VCE - MSCI Canada Index ETF
*Management fee .09%
MER .69% (2011)*


----------



## GoldStone (Mar 6, 2011)

webber22 said:


> I bet the reason is since most have very low assets, the mer's are high.


You don't need to bet.  They disclose the reasons in prospectus. Footnote from Page 30:



> Management expense ratio is based on total expenses (excluding commissions and other portfolio transaction costs) *for the period of November 30, 2011 to December 31, 2011* and is expressed as an annualized percentage of the daily average NAV during this period. The reported management expense ratio for this period includes expenses incurred in relation to the implementation of the Existing Vanguard ETF’s IRC during the two months prior to the Existing Vanguard ETF’s launch. These “accrued” costs were then applied to the Existing Vanguard ETF’s relatively modest level of average net assets during their one month of operation in 2011. The result is an abnormally high management expense ratio.
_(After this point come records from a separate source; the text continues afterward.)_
text \<open>Since \<open>u\<close> vanishes outside the bounded set \<open>\<Omega>\<close>, the Gagliardo seminorm controls
  \<open>\<integral>\<^sub>\<Omega> |u|\<^sup>p\<close> (a Poincare inequality). On the Nehari set the term \<open>\<lambda> \<integral> F(x, u\<^sup>+)\<close>
  can be eliminated from \<open>J\<^sub>\<lambda>\<close>, and the Poincare inequality then gives
  \<open>J\<^sub>\<lambda>(u) \<ge> b (1/(p\<theta>) - 1/q) \<parallel>u\<parallel>\<^bsup>p\<theta>\<^esup> - A \<parallel>u\<parallel>\<^sup>p - B\<close>, which is coercive and bounded
  below because \<open>p\<theta> < q\<close> and \<open>\<theta> > 1\<close>.\<close>

lemma sigma_finite_lebesgue: "sigma_finite_measure (lebesgue :: 'a::euclidean_space measure)"
proof
  obtain A :: "'a set set" where A: "countable A" "A \<subseteq> sets lborel" "\<Union>A = space lborel"
    "\<forall>a\<in>A. emeasure lborel a \<noteq> \<infinity>"
    using lborel.sigma_finite_countable by blast
  then show "\<exists>A::'a set set. countable A \<and> A \<subseteq> sets lebesgue \<and> \<Union>A = space lebesgue
      \<and> (\<forall>a\<in>A. emeasure lebesgue a \<noteq> \<infinity>)"
    by (intro exI[of _ A]) (auto simp: emeasure_completion)
qed

lemma bounded_imp_disjoint_ball_within_distance:
  fixes \<Omega> :: "'a::euclidean_space set"
  assumes "bounded \<Omega>"
  obtains y0 D where "0 < D" "\<And>y. y \<in> ball y0 1 \<Longrightarrow> y \<notin> \<Omega>"
    "\<And>x y. x \<in> \<Omega> \<Longrightarrow> y \<in> ball y0 1 \<Longrightarrow> norm (x - y) \<le> D"
proof -
  obtain R where R: "R > 0" "\<Omega> \<subseteq> ball 0 R" using bounded_subset_ballD[OF assms, of 0] by blast
  obtain e :: 'a where "e \<in> Basis" using nonempty_Basis by blast
  define y0 where "y0 = (R + 2) *\<^sub>R e"
  have y0: "norm y0 = R + 2" using R \<open>e \<in> Basis\<close> by (simp add: y0_def)
  have far: "R + 1 < norm y" and near: "norm y < R + 3" if "y \<in> ball y0 1" for y
    using that y0 norm_triangle_ineq2[of y0 y] norm_triangle_ineq2[of y y0]
    by (auto simp: dist_norm norm_minus_commute)
  show thesis
  proof
    show "y \<notin> \<Omega>" if "y \<in> ball y0 1" for y
      using far[OF that] R(2) by auto
    show "norm (x - y) \<le> 2 * R + 3" if "x \<in> \<Omega>" "y \<in> ball y0 1" for x y
    proof -
      have "norm x < R" using R(2) that(1) by auto
      then show ?thesis using near[OF that(2)] norm_triangle_ineq4[of x y] by linarith
    qed
  qed (use R in simp)
qed
(* Let $f=a_0+a_1x+\cdots+a_nx^n\in\mathbb{Z}[x]$ be a primitive polynomial. Suppose that $a_0=\pm p^k d$ and $\gcd(a_0,a_1)=p^k$ for some positive integers $k$ and $d$ and a prime number $p$, where $p\nmid a_2 d$ and $k$ is odd, and that every zero $\theta\in\mathbb{C}$ of $f$ satisfies $|\theta|>d$. Then $f$ is irreducible in $\mathbb{Z}[x]$.
   Context: A polynomial $a_0+a_1x+\cdots+a_nx^n\in\mathbb{Z}[x]$ is primitive if $\gcd(a_0,a_1,\ldots,a_n)=1$. Coefficients $a_i$ with $i>n$ are taken to be $0$. *)

theory Defs
  imports "HOL-Analysis.Analysis" "HOL-Computational_Algebra.Computational_Algebra"
begin

end

theory Submission
  imports Defs
begin

(* Suppose f = g h with g, h nonconstant, and write b_i, c_i for the coefficients of g, h.
   If p divided both b_0 and c_0, then p would not divide b_1 c_1 because p does not divide a_2;
   as v_p(b_0) + v_p(c_0) = k is odd, the smaller valuation, say v_p(b_0), would be
   v_p(b_0 c_1 + b_1 c_0) = v_p(a_1) < k, contradicting p^k | a_1.  Hence p does not divide,
   say, b_0, so b_0 divides d.  But |b_0| is at least the product of the moduli of the roots
   of g, all of which exceed d, so |b_0| > d. *)

lemma map_poly_of_int_mult:
  "map_poly (of_int :: int \<Rightarrow> 'a :: comm_ring_1) (p * q) =
     map_poly of_int p * map_poly of_int q"
  by (rule poly_eqI) (simp add: coeff_mult coeff_map_poly)

lemma coeff_mult_1:
  fixes g h :: "'a :: comm_semiring_0 poly"
  shows "coeff (g * h) 1 = coeff g 0 * coeff h 1 + coeff g 1 * coeff h 0"
  by (simp add: coeff_mult atMost_Suc add_ac)

lemma coeff_mult_2:
  fixes g h :: "'a :: comm_semiring_0 poly"
  shows "coeff (g * h) 2 = coeff g 0 * coeff h 2 + coeff g 1 * coeff h 1 + coeff g 2 * coeff h 0"
  by (simp add: coeff_mult atMost_Suc numeral_2_eq_2 add_ac)

lemma abs_coeff_0_gt_if_roots_norm_gt:
  fixes g :: "int poly" and d :: int
  assumes "degree g > 0" and "d > 0"
    and roots: "\<And>z. poly (map_poly of_int g) z = 0 \<Longrightarrow> cmod z > of_int d"
  shows "\<bar>coeff g 0\<bar> > d"
proof -
  define G where "G = (map_poly of_int g :: complex poly)"
  define n where "n = degree g"
  have "n > 0" using assms(1) by (simp add: n_def)
  have "degree G = n" by (simp add: G_def n_def degree_map_poly)
  then obtain r where decomp: "smult (lead_coeff G) (\<Prod>i<n. [:-r i, 1:]) = G"
    using complex_poly_decompose' by metis
  have root_gt: "cmod (r i) > of_int d" if "i < n" for i
  proof -
    have "poly G (r i) = lead_coeff G * (\<Prod>j<n. poly [:-r j, 1:] (r i))"
      by (subst decomp[symmetric]) (simp add: poly_prod)
    also have "\<dots> = 0" using that by (intro mult_eq_0_iff[THEN iffD2] disjI2 prod_zero) auto
    finally show ?thesis using roots by (simp add: G_def)
  qed
  have "coeff G 0 = lead_coeff G * (\<Prod>i<n. - r i)"
    by (subst decomp[symmetric]) (simp add: poly_0_coeff_0[symmetric] poly_prod)
  then have "cmod (coeff G 0) = cmod (lead_coeff G) * (\<Prod>i<n. cmod (r i))"
    by (simp add: norm_mult prod_norm[symmetric])
  then have abs_coeff_0:
      "of_int \<bar>coeff g 0\<bar> = of_int \<bar>lead_coeff g\<bar> * (\<Prod>i<n. cmod (r i))"
    using \<open>degree G = n\<close> by (simp add: G_def n_def coeff_map_poly)
  have "lead_coeff g \<noteq> 0" using assms(1) by auto
  then have lead_coeff_ge_1: "of_int \<bar>lead_coeff g\<bar> \<ge> (1 :: real)" by linarith
  have "(of_int d :: real) \<le> of_int d ^ n"
    using \<open>n > 0\<close> \<open>d > 0\<close> by (simp add: self_le_power)
  also have "\<dots> = (\<Prod>i<n. of_int d)" by simp
  also have "\<dots> < (\<Prod>i<n. cmod (r i))"
    using \<open>n > 0\<close> \<open>d > 0\<close> root_gt
    by (intro prod_mono_strict[of 0]) (force intro: less_imp_le)+
  also have "\<dots> \<le> of_int \<bar>lead_coeff g\<bar> * (\<Prod>i<n. cmod (r i))"
    using mult_right_mono[OF lead_coeff_ge_1, of "\<Prod>i<n. cmod (r i)"]
    by (simp add: prod_nonneg)
  finally show ?thesis using abs_coeff_0 by simp
qed

lemma not_prime_power_dvd_add_if_multiplicity_less:
  fixes p x y u v :: "'a :: factorial_semiring"
  assumes "prime p" and "x \<noteq> 0" and "\<not> p dvd u"
    and "multiplicity p x < multiplicity p y" and "multiplicity p x < k"
  shows "\<not> p ^ k dvd x * u + v * y"
proof
  define s where "s = multiplicity p x"
  assume "p ^ k dvd x * u + v * y"
  moreover have "p ^ Suc s dvd p ^ k"
    using assms(5) by (intro le_imp_power_dvd) (simp add: s_def)
  ultimately have "p ^ Suc s dvd x * u + v * y" by (rule dvd_trans[rotated])
  moreover have "p ^ Suc s dvd v * y"
    using assms(4) by (intro dvd_mult multiplicity_dvd') (simp add: s_def)
  ultimately have "p ^ Suc s dvd x * u" by (simp add: dvd_add_left_iff)
  moreover have "multiplicity p (x * u) = s"
  proof -
    have "u \<noteq> 0" using assms(3) by auto
    then show ?thesis
      using assms(1-3)
      by (simp add: s_def prime_elem_multiplicity_mult_distrib not_dvd_imp_multiplicity_0)
  qed
  ultimately show False
    using multiplicity_geI[where n = "Suc s" and p = p and x = "x * u"] assms(1-3)
    by (auto dest: not_prime_unit)
qed

lemma prime_not_dvd_coeff_0_of_factor:
  fixes g h :: "'a :: {factorial_semiring, comm_ring_1} poly"
  assumes "prime p" and "odd k"
    and "coeff (g * h) 0 \<noteq> 0" and "multiplicity p (coeff (g * h) 0) = k"
    and "p ^ k dvd coeff (g * h) 1" and "\<not> p dvd coeff (g * h) 2"
  shows "\<not> p dvd coeff g 0 \<or> \<not> p dvd coeff h 0"
proof (rule ccontr)
  assume "\<not> ?thesis"
  then have "p dvd coeff g 0 * coeff h 2 + coeff g 2 * coeff h 0" by simp
  then have "\<not> p dvd coeff g 1 * coeff h 1"
    using assms(6) by (auto simp: coeff_mult_2 add_ac dvd_add_right_iff)
  then have g1: "\<not> p dvd coeff g 1" and h1: "\<not> p dvd coeff h 1" by auto
  have g0: "coeff g 0 \<noteq> 0" and h0: "coeff h 0 \<noteq> 0"
    using assms(3) by (auto simp: coeff_mult_0)
  then have sum: "multiplicity p (coeff g 0) + multiplicity p (coeff h 0) = k"
    using assms(1,4) by (simp add: coeff_mult_0 prime_elem_multiplicity_mult_distrib)
  have coeff_1: "p ^ k dvd coeff g 0 * coeff h 1 + coeff g 1 * coeff h 0"
    using assms(5) by (simp only: coeff_mult_1)
  from sum \<open>odd k\<close> consider
      "multiplicity p (coeff g 0) < multiplicity p (coeff h 0)"
    | "multiplicity p (coeff h 0) < multiplicity p (coeff g 0)"
    by (metis add_self_div_2 linorder_neqE_nat odd_add)
  then show False
  proof cases
    case 1
    then show False
      using not_prime_power_dvd_add_if_multiplicity_less[OF assms(1) g0 h1 1, of k "coeff g 1"]
        sum coeff_1 by simp
  next
    case 2
    then show False
      using not_prime_power_dvd_add_if_multiplicity_less[OF assms(1) h0 g1 2, of k "coeff h 1"]
        sum coeff_1 by (simp add: add_ac mult_ac)
  qed
qed

lemma is_unit_if_degree_0_dvd_primitive:
  fixes f g :: "'a :: {semiring_gcd, idom_divide} poly"
  assumes "content f = 1" and "g dvd f" and "degree g = 0"
  shows "is_unit g"
  using assms by (metis const_poly_dvd_iff_dvd_content degree_0_id is_unit_const_poly_iff)

lemma degree_eq_0_if_coeff_0_dvd:
  fixes f g :: "int poly" and d :: int
  assumes "g dvd f" and "d > 0" and "coeff g 0 dvd d"
    and roots: "\<And>z. poly (map_poly of_int f) z = 0 \<Longrightarrow> cmod z > of_int d"
  shows "degree g = 0"
proof (rule ccontr)
  assume "degree g \<noteq> 0"
  obtain h where "f = g * h" using assms(1) by blast
  then have "\<bar>coeff g 0\<bar> > d"
    using \<open>degree g \<noteq> 0\<close> \<open>d > 0\<close> roots
    by (intro abs_coeff_0_gt_if_roots_norm_gt) (simp_all add: map_poly_of_int_mult)
  moreover have "\<bar>coeff g 0\<bar> \<le> d"
    using assms(2,3) dvd_imp_le_int[of d "coeff g 0"] by simp
  ultimately show False by simp
qed

theorem theorem23:
  fixes f :: "int poly" and p :: int and k :: nat and d :: int
  assumes primitive: "content f = 1"
    and prime_p: "prime p"
    and k_pos: "k > 0" and k_odd: "odd k"
    and d_pos: "d > 0"
    and a0: "coeff f 0 = p ^ k * d \<or> coeff f 0 = - (p ^ k * d)"
    and gcd01: "gcd (coeff f 0) (coeff f 1) = p ^ k"
    and ndvd: "\<not> p dvd (coeff f 2 * d)"
    and roots: "\<And>\<theta> :: complex. poly (map_poly of_int f) \<theta> = 0 \<Longrightarrow> cmod \<theta> > of_int d"
  shows "irreducible f"
proof (rule irreducibleI)
  have "\<not> p dvd d" and "\<not> p dvd coeff f 2" using ndvd by auto
  have "coeff f 0 \<noteq> 0" using a0 prime_p d_pos by auto
  moreover have "multiplicity p (p ^ k * d) = k"
    using prime_p \<open>\<not> p dvd d\<close> d_pos
    by (subst prime_elem_multiplicity_mult_distrib) (auto simp: not_dvd_imp_multiplicity_0)
  then have mult_coeff_0: "multiplicity p (coeff f 0) = k" using a0 by auto
  ultimately show "f \<noteq> 0" and "\<not> is_unit f"
    using k_pos prime_p by (auto simp: is_unit_poly_iff multiplicity_unit_right)
  have unit_if_coprime: "is_unit u" if "u * v = f" and "\<not> p dvd coeff u 0" for u v
  proof (rule is_unit_if_degree_0_dvd_primitive[OF primitive])
    show "u dvd f" using that(1) by (metis dvd_triv_left)
    have "coeff u 0 dvd coeff f 0" using that(1) by (metis coeff_mult_0 dvd_triv_left)
    also have "coeff f 0 dvd p ^ k * d" using a0 by auto
    finally have "coeff u 0 dvd p ^ k * d" .
    moreover have "coprime (coeff u 0) (p ^ k)"
      using prime_p that(2) by (simp add: prime_imp_coprime coprime_commute)
    ultimately have "coeff u 0 dvd d" by (simp add: coprime_dvd_mult_right_iff)
    then show "degree u = 0"
      by (rule degree_eq_0_if_coeff_0_dvd[OF \<open>u dvd f\<close> d_pos _ roots])
  qed
  fix g h assume "f = g * h"
  have "p ^ k dvd coeff (g * h) 1" using gcd01 \<open>f = g * h\<close> by (metis gcd_dvd2)
  then have "\<not> p dvd coeff g 0 \<or> \<not> p dvd coeff h 0"
    using prime_p k_odd \<open>coeff f 0 \<noteq> 0\<close> mult_coeff_0 \<open>\<not> p dvd coeff f 2\<close> \<open>f = g * h\<close>
    by (intro prime_not_dvd_coeff_0_of_factor) simp_all
  then show "is_unit g \<or> is_unit h"
    using unit_if_coprime[of g h] unit_if_coprime[of h g] \<open>f = g * h\<close>
    by (auto simp: mult.commute)
qed

end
In the future, as the IRC accrual period matches the Vanguard ETF’s operational period and as assets in each Vanguard ETF increase, the Manager expects the management expense ratio to decline.


https://www.vanguardcanada.ca/documents/literature/CanadaProspEN.pdf

Commissions and other portfolio transaction costs are never included in MER. They are part of TER - Total Expense Ratio.


----------